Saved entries
(* Let $G'$ be a connected graph, let $w$ be a vertex of $G'$, let $k\ge 2$, and let $G$ be obtained from $G'$ by adding $k$ new vertices, each adjacent only to $w$. Let $\Delta$ be the distance squared matrix of $G$ and $\Delta_{k+1}$ the distance squared matrix of $G'$. Then either $i_-(\Delta)=k-1+i_-(\Delta_{k+1})$ or $i_-(\Delta)=k+i_-(\Delta_{k+1})$.
   Context: For a connected graph $G$ with vertices $1,\dots,n$, the distance squared matrix $\Delta$ is the $n\times n$ matrix with $(i,j)$ entry $d_{ij}^2$, where $d_{ij}$ is the graph distance between $i$ and $j$. For a real symmetric matrix $M$, $i_-(M)$ denotes the number of negative eigenvalues of $M$ counted with multiplicity. *)

theory Defs
  imports "Jordan_Normal_Form.Char_Poly"
begin

definition simple_graph :: "nat \<Rightarrow> (nat \<Rightarrow> nat \<Rightarrow> bool) \<Rightarrow> bool" where
  "simple_graph n E \<longleftrightarrow> (\<forall>i j. E i j \<longrightarrow> i < n \<and> j < n) \<and>
     (\<forall>i j. E i j \<longrightarrow> E j i) \<and> (\<forall>i. \<not> E i i)"

definition is_walk :: "nat \<Rightarrow> (nat \<Rightarrow> nat \<Rightarrow> bool) \<Rightarrow> nat list \<Rightarrow> bool" where
  "is_walk n E xs \<longleftrightarrow> xs \<noteq> [] \<and> (\<forall>v\<in>set xs. v < n) \<and>
     (\<forall>i. Suc i < length xs \<longrightarrow> E (xs ! i) (xs ! Suc i))"

definition connected_graph :: "nat \<Rightarrow> (nat \<Rightarrow> nat \<Rightarrow> bool) \<Rightarrow> bool" where
  "connected_graph n E \<longleftrightarrow> simple_graph n E \<and> 0 < n \<and>
     (\<forall>i<n. \<forall>j<n. \<exists>xs. is_walk n E xs \<and> hd xs = i \<and> last xs = j)"

definition graph_dist :: "nat \<Rightarrow> (nat \<Rightarrow> nat \<Rightarrow> bool) \<Rightarrow> nat \<Rightarrow> nat \<Rightarrow> nat" where
  "graph_dist n E i j = (LEAST l. \<exists>xs. is_walk n E xs \<and> hd xs = i \<and> last xs = j \<and> length xs = Suc l)"

definition dist_sq_matrix :: "nat \<Rightarrow> (nat \<Rightarrow> nat \<Rightarrow> bool) \<Rightarrow> real mat" where
  "dist_sq_matrix n E = mat n n (\<lambda>(i, j). (real (graph_dist n E i j))^2)"

definition neg_inertia :: "real mat \<Rightarrow> nat" where
  "neg_inertia M = (\<Sum>a\<in>{a. a < 0 \<and> eigenvalue M a}. order a (char_poly M))"

definition add_pendants :: "nat \<Rightarrow> (nat \<Rightarrow> nat \<Rightarrow> bool) \<Rightarrow> nat \<Rightarrow> nat \<Rightarrow> nat \<Rightarrow> nat \<Rightarrow> bool" where
  "add_pendants m E w k i j \<longleftrightarrow> (i < m \<and> j < m \<and> E i j) \<or>
     (i = w \<and> m \<le> j \<and> j < m + k) \<or> (j = w \<and> m \<le> i \<and> i < m + k)"

end

theory Submission
  imports Defs "Jordan_Normal_Form.Matrix_Kernel"
begin

(* Listing the old vertices first, the distance squared matrix D of the extended graph is
   [[D', b 1^T], [1 b^T, 4 (J - I)]], where D' is that of the original graph and b_i is the
   squared distance from old vertex i to any of the pendants.  Its quadratic form at (u, z) is
   u^T D' u + 2 s (b . u) + 4 (s^2 - z . z) with s = sum z.  By the spectral theorem, i_-(A) is
   both the largest dimension of a subspace on which the form of A is negative definite and the
   smallest codimension of a subspace on which it is nonnegative.  A negative subspace of D'
   together with the (k - 1)-dimensional space of pendant vectors with s = 0 gives
   i_-(D) >= i_-(D') + k - 1; a nonnegative subspace of D' with z = 0 gives
   i_-(D) <= i_-(D') + k. *)

section \<open>Spectral theorem for real symmetric matrices\<close>

lemma real_symmetric_complex_eigenvalue_real:
  fixes A :: "real mat"
  assumes A: "A \<in> carrier_mat n n" and sym: "transpose_mat A = A"
    and v: "v \<in> carrier_vec n" "v \<noteq> 0\<^sub>v n" "map_mat complex_of_real A *\<^sub>v v = l \<cdot>\<^sub>v v"
  shows "cnj l = l"
proof -
  let ?A = "map_mat complex_of_real A"
  have cA: "?A \<in> carrier_mat n n" and symA: "transpose_mat ?A = ?A"
    using A sym by (auto simp: map_mat_transpose)
  have conj_Av: "conjugate (?A *\<^sub>v v) = ?A *\<^sub>v conjugate v"
    using cA v(1) by (intro eq_vecI) (auto simp: scalar_prod_def sum_conjugate conjugate_dist_mul)
  have "l * (v \<bullet>c v) = (?A *\<^sub>v v) \<bullet>c v"
    using v by simp
  also have "\<dots> = (transpose_mat ?A *\<^sub>v v) \<bullet> conjugate v"
    by (simp add: symA)
  also have "\<dots> = v \<bullet> (?A *\<^sub>v conjugate v)"
    using cA v(1) by (intro transpose_vec_mult_scalar) auto
  also have "\<dots> = v \<bullet> (cnj l \<cdot>\<^sub>v conjugate v)"
    by (simp add: conj_Av[symmetric] v(3) conjugate_smult_vec)
  also have "\<dots> = cnj l * (v \<bullet>c v)"
    using v(1) by simp
  finally have "l * (v \<bullet>c v) = cnj l * (v \<bullet>c v)" .
  moreover have "v \<bullet>c v \<noteq> 0"
    using conjugate_square_eq_0_vec[OF v(1)] v(2) by simp
  ultimately show ?thesis
    by simp
qed

lemma real_symmetric_eigenvector:
  fixes A :: "real mat"
  assumes A: "A \<in> carrier_mat n n" and sym: "transpose_mat A = A" and n: "0 < n"
  obtains r v where "v \<in> carrier_vec n" "v \<noteq> 0\<^sub>v n" "A *\<^sub>v v = r \<cdot>\<^sub>v v"
proof -
  let ?A = "map_mat complex_of_real A"
  have cA: "?A \<in> carrier_mat n n"
    using A by simp
  obtain as where cp: "char_poly ?A = (\<Prod>a\<leftarrow>as. [:- a, 1:])" and "length as = n"
    using char_poly_factorized[OF cA] by blast
  then have "hd as \<in> set as"
    using n by (cases as) auto
  then have root: "poly (char_poly ?A) (hd as) = 0"
    unfolding cp by (simp add: poly_prod_list)
  then obtain v where "v \<in> carrier_vec n" "v \<noteq> 0\<^sub>v n" "?A *\<^sub>v v = hd as \<cdot>\<^sub>v v"
    using cA unfolding eigenvalue_root_char_poly[OF cA, symmetric] eigenvalue_def eigenvector_def
    by auto
  then have "cnj (hd as) = hd as"
    by (rule real_symmetric_complex_eigenvalue_real[OF A sym])
  then have real: "hd as = complex_of_real (Re (hd as))"
    by (metis Reals_cnj_iff of_real_Re)
  have "complex_of_real (poly (char_poly A) (Re (hd as)))
      = poly (char_poly ?A) (complex_of_real (Re (hd as)))"
    by (simp add: of_real_hom.char_poly_hom[OF A])
  then have "poly (char_poly A) (Re (hd as)) = 0"
    using root real by simp
  then have "eigenvalue A (Re (hd as))"
    using eigenvalue_root_char_poly[OF A] by simp
  then show thesis
    using that A unfolding eigenvalue_def eigenvector_def by auto
qed

text \<open>The Householder reflection \<open>I - 2 u u\<^sup>T / (u \<bullet> u)\<close>; for \<open>u = 0\<close> the junk value
  \<open>2 / 0 = 0\<close> makes it the identity.\<close>

definition reflection_mat :: "real vec \<Rightarrow> real mat" where
  "reflection_mat u = mat (dim_vec u) (dim_vec u)
     (\<lambda>(i, j). (if i = j then 1 else 0) - 2 / (u \<bullet> u) * u $ i * u $ j)"

lemma dim_reflection_mat [simp]:
  "dim_row (reflection_mat u) = dim_vec u" "dim_col (reflection_mat u) = dim_vec u"
  by (simp_all add: reflection_mat_def)

lemma reflection_mat_orthogonal:
  "transpose_mat (reflection_mat u) * reflection_mat u = 1\<^sub>m (dim_vec u)"
proof (rule eq_matI)
  let ?n = "dim_vec u"
  define d where "d i j = (if i = j then 1 else 0 :: real)" for i j :: nat
  define \<alpha> where "\<alpha> = (\<Sum>k<?n. (u $ k)\<^sup>2)"
  define c where "c = 2 / \<alpha>"
  have uu: "u \<bullet> u = \<alpha>"
    by (simp add: \<alpha>_def scalar_prod_def atLeast0LessThan power2_eq_square)
  have c\<alpha>: "c * c * \<alpha> = 2 * c"
    unfolding c_def by (cases "\<alpha> = 0") (auto simp: field_simps)
  have d_sum: "(\<Sum>k<?n. d k i * f k) = f i" "(\<Sum>k<?n. f k * d k i) = f i" if "i < ?n" for i f
  proof -
    have "d k i * f k = (if k = i then f k else 0)" "f k * d k i = (if k = i then f k else 0)" for k
      by (simp_all add: d_def)
    then show "(\<Sum>k<?n. d k i * f k) = f i" "(\<Sum>k<?n. f k * d k i) = f i"
      using that by simp_all
  qed
  have entry: "reflection_mat u $$ (i, j) = d i j - c * u $ i * u $ j" if "i < ?n" "j < ?n" for i j
    using that by (simp add: reflection_mat_def d_def uu c_def)
  fix i j assume "i < dim_row (1\<^sub>m ?n)" "j < dim_col (1\<^sub>m ?n)"
  then have i: "i < ?n" and j: "j < ?n" by auto
  have "(transpose_mat (reflection_mat u) * reflection_mat u) $$ (i, j)
      = (\<Sum>k<?n. (d k i - c * u $ k * u $ i) * (d k j - c * u $ k * u $ j))"
    using i j by (simp add: entry scalar_prod_def atLeast0LessThan)
  also have "\<dots> = (\<Sum>k<?n. d k i * d k j) - c * u $ j * (\<Sum>k<?n. d k i * u $ k)
      - c * u $ i * (\<Sum>k<?n. u $ k * d k j) + c * c * u $ i * u $ j * \<alpha>"
    unfolding \<alpha>_def
    by (simp add: algebra_simps power2_eq_square sum.distrib sum_subtractf sum_distrib_left)
  also have "\<dots> = d i j + (c * c * \<alpha>) * u $ i * u $ j - 2 * c * u $ i * u $ j"
    using d_sum[OF i] d_sum[OF j] by (simp add: algebra_simps d_def)
  also have "\<dots> = 1\<^sub>m ?n $$ (i, j)"
    using i j unfolding c\<alpha> by (simp add: d_def)
  finally show "(transpose_mat (reflection_mat u) * reflection_mat u) $$ (i, j) = 1\<^sub>m ?n $$ (i, j)" .
qed simp_all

** REQUIREMENT **
From the records above, print exactly the lines that run from the line with "using that A" to the line with "it the identity.\<close>", inclusive.

** RESPONSE AREA **
    using that A unfolding eigenvalue_def eigenvector_def by auto
qed

text \<open>The Householder reflection \<open>I - 2 u u\<^sup>T / (u \<bullet> u)\<close>; for \<open>u = 0\<close> the junk value
  \<open>2 / 0 = 0\<close> makes it the identity.\<close>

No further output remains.